Fogshroud Island Haunted Event Archives [Infinity Flow] - Chapter 91 — NovelArc
Request novel bisa langsung di tab request ya, bebas request semua novel dari novelupdates

Chapter 91 · 8m baca

Head-to-Head -- Part 7

by 柒月银素

Saat berlari tadi, Mo Chichi sempat memerhatikan struktur dasar bangunan itu dan tahu bahwa jumlah lantainya paling banyak hanya enam. Dengan kata lain, Song Shuyao saat itu sedang berada di lantai atas.

…Mengabaikan bagaimana cara Song Shuyao berhasil masuk, mengingat suara gaduh yang baru saja dibuat Mo Chichi di dalam kamar asrama, bagaimana bisa Song Shuyao menghindari pandangannya dan langsung mencapai lantai atas dalam sekejap?

Melihat pesan yang bernuansa horor itu, Mo Chichi awalnya berniat keluar dari aplikasi, tetapi ia mendapati dirinya tidak bisa keluar dari antarmuka obrolan bagaimanapun caranya. Karena pada saat itu, waktu membeku sekali lagi.

[Tepat pada saat ini, kamu melihat pertanyaan yang dikirimkan oleh teman sekamarmu. Apa balasanmu?]

[A. Aku berada di lantai tiga. B. Aku berada di lantai empat. C. Aku berada di lantai lima.]

[Catatan: Sisa Nyawa: 4.]

Melihat ketiga pilihan tersebut, Mo Chichi kembali merasa sedikit dilema.

Secara tidak sadar, ia memilih lantai tiga, yang merupakan lokasi paling jauh darinya.

Apa pun hasilnya, ia harus mencobanya terlebih dahulu.

Namun, melihat pilihan-pilihan yang semakin lama semakin aneh, Mo Chichi tidak kuasa menahan keringat dinginnya. Kini, hampir setiap tindakan acak bisa memicu pilihan baru, sebenarnya apa yang harus ia lakukan agar bisa lolos?

Tepat saat Mo Chichi sedang berpikir, terdengar suara langkah kaki di luar. Jelas sekali, itu adalah langkah kaki Song Shuyao. Ia baru saja turun dari lantai enam dan seharusnya bersiap pergi ke lantai tiga untuk "mencarinya."

Namun di luar dugaan, Song Shuyao tidak melanjutkan langkahnya menuruni tangga. Sebaliknya, ia terus menyusuri koridor lebih dalam, benar-benar berjalan menuju kamar asrama tempat Mo Chichi bersembunyi, bahkan ia mempercepat langkahnya!
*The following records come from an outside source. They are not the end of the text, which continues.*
lemma csp_val_cut_decomposition:
  assumes "\<And>a b. c * (if P a b then 1 else 0) = (\<Sum>k\<in>K. if f k a \<noteq> g k b then 1 else 0)"
  shows "c * csp_val P E w A = (\<Sum>k\<in>K. cut_val E w (f k \<circ> A) (g k \<circ> A))"
proof -
  have "c * csp_val P E w A = (\<Sum>e\<in>E. \<Sum>k\<in>K. w e * (if f k (A (fst e)) \<noteq> g k (A (snd e)) then 1 else 0))"
    unfolding csp_val_def sum_distrib_left
    by (intro sum.cong refl) (simp add: mult.left_commute[of c] assms sum_distrib_left)
  also have "\<dots> = (\<Sum>k\<in>K. cut_val E w (f k \<circ> A) (g k \<circ> A))"
    unfolding cut_val_def by (subst sum.swap) simp
  finally show ?thesis .
qed

lemma sparsifier_of_cut_sparsifier:
  fixes c :: real and f g :: "'k \<Rightarrow> 'd \<Rightarrow> bool"
  assumes c: "0 < c"
    and decomp: "\<And>a b. c * (if P a b then 1 else 0) = (\<Sum>k\<in>K. if f k a \<noteq> g k b then 1 else 0)"
    and sub: "E' \<subseteq> E" "\<forall>e\<in>E'. 0 < w' e"
    and cuts: "\<forall>f g. (1 - eps) * cut_val E w f g \<le> cut_val E' w' f g
                   \<and> cut_val E' w' f g \<le> (1 + eps) * cut_val E w f g"
  shows "is_sparsifier P eps E w E' w'"
proof -
  have val: "c * csp_val P E0 w0 A = (\<Sum>k\<in>K. cut_val E0 w0 (f k \<circ> A) (g k \<circ> A))"
    for E0 w0 A
    by (rule csp_val_cut_decomposition) (rule decomp)
  have "(1 - eps) * csp_val P E w A \<le> csp_val P E' w' A
      \<and> csp_val P E' w' A \<le> (1 + eps) * csp_val P E w A" for A
  proof -
    have "c * ((1 - eps) * csp_val P E w A) \<le> c * csp_val P E' w' A"
      and "c * csp_val P E' w' A \<le> c * ((1 + eps) * csp_val P E w A)"
      unfolding mult.left_commute[of c] val sum_distrib_left using cuts by (simp_all add: sum_mono)
    then show ?thesis using c by simp
  qed
  then show ?thesis using sub unfolding is_sparsifier_def by blast
qed

theorem sparsifier_exists:
  fixes P :: "'d::finite \<Rightarrow> 'd \<Rightarrow> bool"
  assumes nos: "\<not> (\<exists>B C :: 'd set. card B = 2 \<and> card C = 2 \<and> singleton_restr P B C)"
    and eps: "0 < eps" "eps < 1" and inst: "csp_instance V E w"
  shows "\<exists>E' w'. is_sparsifier P eps E w E' w' \<and> real (card E') \<le> 72 * real (card V) / eps^2"
proof -
  have "finite V" "E \<subseteq> V \<times> V" "\<forall>e\<in>E. 0 < w e"
    using inst by (auto simp: csp_instance_def)
  from cut_sparsifier_exists[OF this eps] obtain E' w'
    where E': "E' \<subseteq> E" "\<forall>e\<in>E'. 0 < w' e" "real (card E') \<le> 72 * real (card V) / eps^2"
    and cuts: "\<forall>f g. (1 - eps) * cut_val E w f g \<le> cut_val E' w' f g
                   \<and> cut_val E' w' f g \<le> (1 + eps) * cut_val E w f g"
    by blast
  define T where "T x = {y. \<not> P x y}" for x
  define f where "f k a = (case k of None \<Rightarrow> False | Some S \<Rightarrow> T a = S)" for k a
  define g where "g k b = (case k of None \<Rightarrow> b \<notin> \<Union>(range T) | Some S \<Rightarrow> b \<in> S)" for k b
  have "2 * (if P a b then 1 else 0 :: real)
      = (\<Sum>k\<in>insert None (Some ` range T). if f k a \<noteq> g k b then 1 else 0)" for a b
  proof -
    have "(\<Sum>k\<in>insert None (Some ` range T). if f k a \<noteq> g k b then 1 else 0 :: real)
        = (if b \<notin> \<Union>(range T) then 1 else 0) + (\<Sum>S\<in>range T. if (T a = S) \<noteq> (b \<in> S) then 1 else 0)"
      by (simp add: sum.reindex f_def g_def del: range_composition)
    then show ?thesis using twice_pred_eq_cut_sum[OF nos, of a b, folded T_def] by simp
  qed
  from sparsifier_of_cut_sparsifier[where c = 2 and f = f and g = g, OF _ this E'(1,2) cuts]
  show ?thesis using E'(3) by auto
qed

section \<open>Instances that cannot be sparsified\<close>

lemma sparsifier_keeps_isolated_constraint:
  assumes sp: "is_sparsifier P eps E w E' w'" and "eps < 1" "finite E" "e \<in> E" "0 < w e"
    and iso: "\<And>e'. e' \<in> E \<Longrightarrow> P (A (fst e')) (A (snd e')) \<longleftrightarrow> e' = e"
  shows "e \<in> E'"
proof (rule ccontr)
  assume "e \<notin> E'"
  have "E' \<subseteq> E" using sp by (simp add: is_sparsifier_def)
  then have "csp_val P E' w' A = 0"
    unfolding csp_val_def using iso \<open>e \<notin> E'\<close> by (intro sum.neutral) auto
  moreover have "csp_val P E w A = w e"
    unfolding csp_val_def using iso assms(3,4) by (simp add: delta_mult_simps cong: if_cong)
  ultimately have "(1 - eps) * w e \<le> 0" using sp unfolding is_sparsifier_def by metis
  moreover have "0 < (1 - eps) * w e" using assms(2,5) by simp
  ultimately show False by simp
qed

lemma singleton_restr_witnesses:
  assumes "card B = 2" "card C = 2" "singleton_restr P B C"
  obtains b1 b2 c1 c2 where "P b1 c1" "\<not> P b1 c2" "\<not> P b2 c1" "\<not> P b2 c2"
proof -
  obtain p where "{(b, c). b \<in> B \<and> c \<in> C \<and> P b c} = {p}"
    using assms(3) unfolding singleton_restr_def by (meson card_1_singletonE)
  moreover obtain b1 c1 where "p = (b1, c1)" by (cases p)
  ultimately have p: "{(b, c). b \<in> B \<and> c \<in> C \<and> P b c} = {(b1, c1)}" by simp
  then have b1: "b1 \<in> B" "c1 \<in> C" "P b1 c1" by blast+
  have uniq: "b = b1 \<and> c = c1" if "b \<in> B" "c \<in> C" "P b c" for b c
    using p that by blast
  obtain b2 where b2: "b2 \<in> B" "b2 \<noteq> b1" using assms(1) b1(1) by (metis card_2_iff insert_iff)
  obtain c2 where c2: "c2 \<in> C" "c2 \<noteq> c1" using assms(2) b1(2) by (metis card_2_iff insert_iff)
  show ?thesis
    by (rule that[of b1 c1 c2 b2]) (use uniq b1 b2 c2 in blast)+
qed

lemma singleton_restr_lower_bound:
  assumes B: "card B = 2" and C: "card C = 2" and sing: "singleton_restr P B C" and eps: "eps < 1"
  shows "\<exists>n\<ge>N. \<exists>(V::nat set) E w. csp_instance V E w \<and> card V = n \<and>
           (\<forall>E' w'. is_sparsifier P eps E w E' w' \<longrightarrow> 1/4 * (real n)^2 \<le> real (card E'))"
proof -
  obtain b1 b2 c1 c2 where P: "P b1 c1" "\<not> P b1 c2" "\<not> P b2 c1" "\<not> P b2 c2"
    by (rule singleton_restr_witnesses[OF B C sing])
  define k where "k = Suc N"
  define V where "V = {0..<2*k}"
  define E where "E = {0..<k} \<times> {k..<2*k}"
  define w where "w = (\<lambda>_::nat \<times> nat. 1::real)"
  have keep: "E' = E" if sp: "is_sparsifier P eps E w E' w'" for E' w'
  proof
    show "E' \<subseteq> E" using sp by (simp add: is_sparsifier_def)
    show "E \<subseteq> E'"
    proof
      fix e assume e: "e \<in> E"
      obtain i j where "e = (i, j)" by (cases e)
      then have ij: "e = (i, j)" "i < k" "k \<le> j" using e by (auto simp: E_def)
      define A where "A z = (if z < k then if z = i then b1 else b2 else if z = j then c1 else c2)"
        for z
      have "P (A (fst e')) (A (snd e')) \<longleftrightarrow> e' = e" if "e' \<in> E" for e'
      proof -
        obtain a b where ab: "e' = (a, b)" by (cases e')
        then have "A a = (if a = i then b1 else b2)" "A b = (if b = j then c1 else c2)"
          using that ij by (auto simp: E_def A_def)
        then have "P (A a) (A b) \<longleftrightarrow> a = i \<and> b = j" using P by auto
        then show ?thesis using ab ij by simp
      qed
      from sparsifier_keeps_isolated_constraint[OF sp eps _ e _ this]
      show "e \<in> E'" by (simp add: E_def w_def)
    qed
  qed
  show ?thesis
  proof (intro exI[of _ "2*k"] conjI exI[of _ V] exI[of _ E] exI[of _ w] allI impI)
    show "N \<le> 2 * k" by (simp add: k_def)
    show "csp_instance V E w" by (auto simp: csp_instance_def V_def E_def w_def)
    show "card V = 2 * k" by (simp add: V_def)
    fix E' w' assume "is_sparsifier P eps E w E' w'"
    then have "E' = E" by (rule keep)
    then show "1/4 * (real (2*k))^2 \<le> real (card E')"
      by (simp add: E_def card_cartesian_product power2_eq_square)
  qed
qed

theorem theorem2:
  fixes P :: "'d::finite \<Rightarrow> 'd \<Rightarrow> bool"
  assumes "card (UNIV :: 'd set) \<ge> 2"
  shows "((\<exists>B C :: 'd set. card B = 2 \<and> card C = 2 \<and> singleton_restr P B C) \<longrightarrow>
           (\<forall>eps::real. 0 < eps \<and> eps < 1 \<longrightarrow>
              (\<exists>c::real. c > 0 \<and> (\<forall>N::nat. \<exists>n\<ge>N. \<exists>(V::nat set) E w.
                  csp_instance V E w \<and> card V = n \<and>
                  (\<forall>E' w'. is_sparsifier P eps E w E' w' \<longrightarrow> real (card E') \<ge> c * (real n)^2)))))
       \<and> ((\<not> (\<exists>B C :: 'd set. card B = 2 \<and> card C = 2 \<and> singleton_restr P B C)) \<longrightarrow>
           (\<exists>K::real. K > 0 \<and> (\<forall>eps::real. 0 < eps \<and> eps < 1 \<longrightarrow>
              (\<forall>(V::'v set) E w. csp_instance V E w \<longrightarrow>
                 (\<exists>E' w'. is_sparsifier P eps E w E' w' \<and>
                    real (card E') \<le> K * real (card V) / eps^2)))))"
  apply (intro conjI impI allI)
  subgoal using singleton_restr_lower_bound by (intro exI[of _ "1/4"]) (simp, blast)
  subgoal using sparsifier_exists by (intro exI[of _ 72]) auto
  done

end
Mo Chichi mengumpat dalam hati, tetapi semuanya sudah terlambat.

Ketika sosok Song Shuyao muncul di ambang pintu tempat persembunyian Mo Chichi, ia sedang tersenyum. Hanya saja, senyuman itu menyembunyikan niat jahat dan ejekan yang tidak ditutup-tutupi.

Detik berikutnya, senyuman Song Shuyao lenyap. Matanya dipenuhi tatapan buas saat ia mengulurkan tangan ke arah Mo Chichi.

“Kamu ada di sini, Chichi. Kenapa kamu berbohong padaku?”

Waktu berputar kembali ke saat Mo Chichi harus membuat pilihannya. Ia menatap ponsel dan nyawa yang baru saja hilang. Sambil menggelengkan kepala tanpa berdaya, ia memilih lantai yang benar.

[Chichi: Aku di lantai lima. Cepatlah ke sini.]

Suara langkah kaki yang akrab terdengar lagi. Kali ini, ketika Song Shuyao muncul di hadapannya, ekspresi buas itu telah lenyap. Ia menatap Mo Chichi, matanya menyunggingkan senyum. “Jadi kamu di sini, Chichi. Ayo, aku akan membawamu keluar dari sini.”

Mo Chichi berpikir sejenak, lalu bertanya, “Sebelum aku bersembunyi di sini, aku melihat Chen Jun. Dia ingin menyakitiku. Tapi kami juga berpapasan dengan ibu asrama, jadi Chen Jun dan aku berpencar dan lari.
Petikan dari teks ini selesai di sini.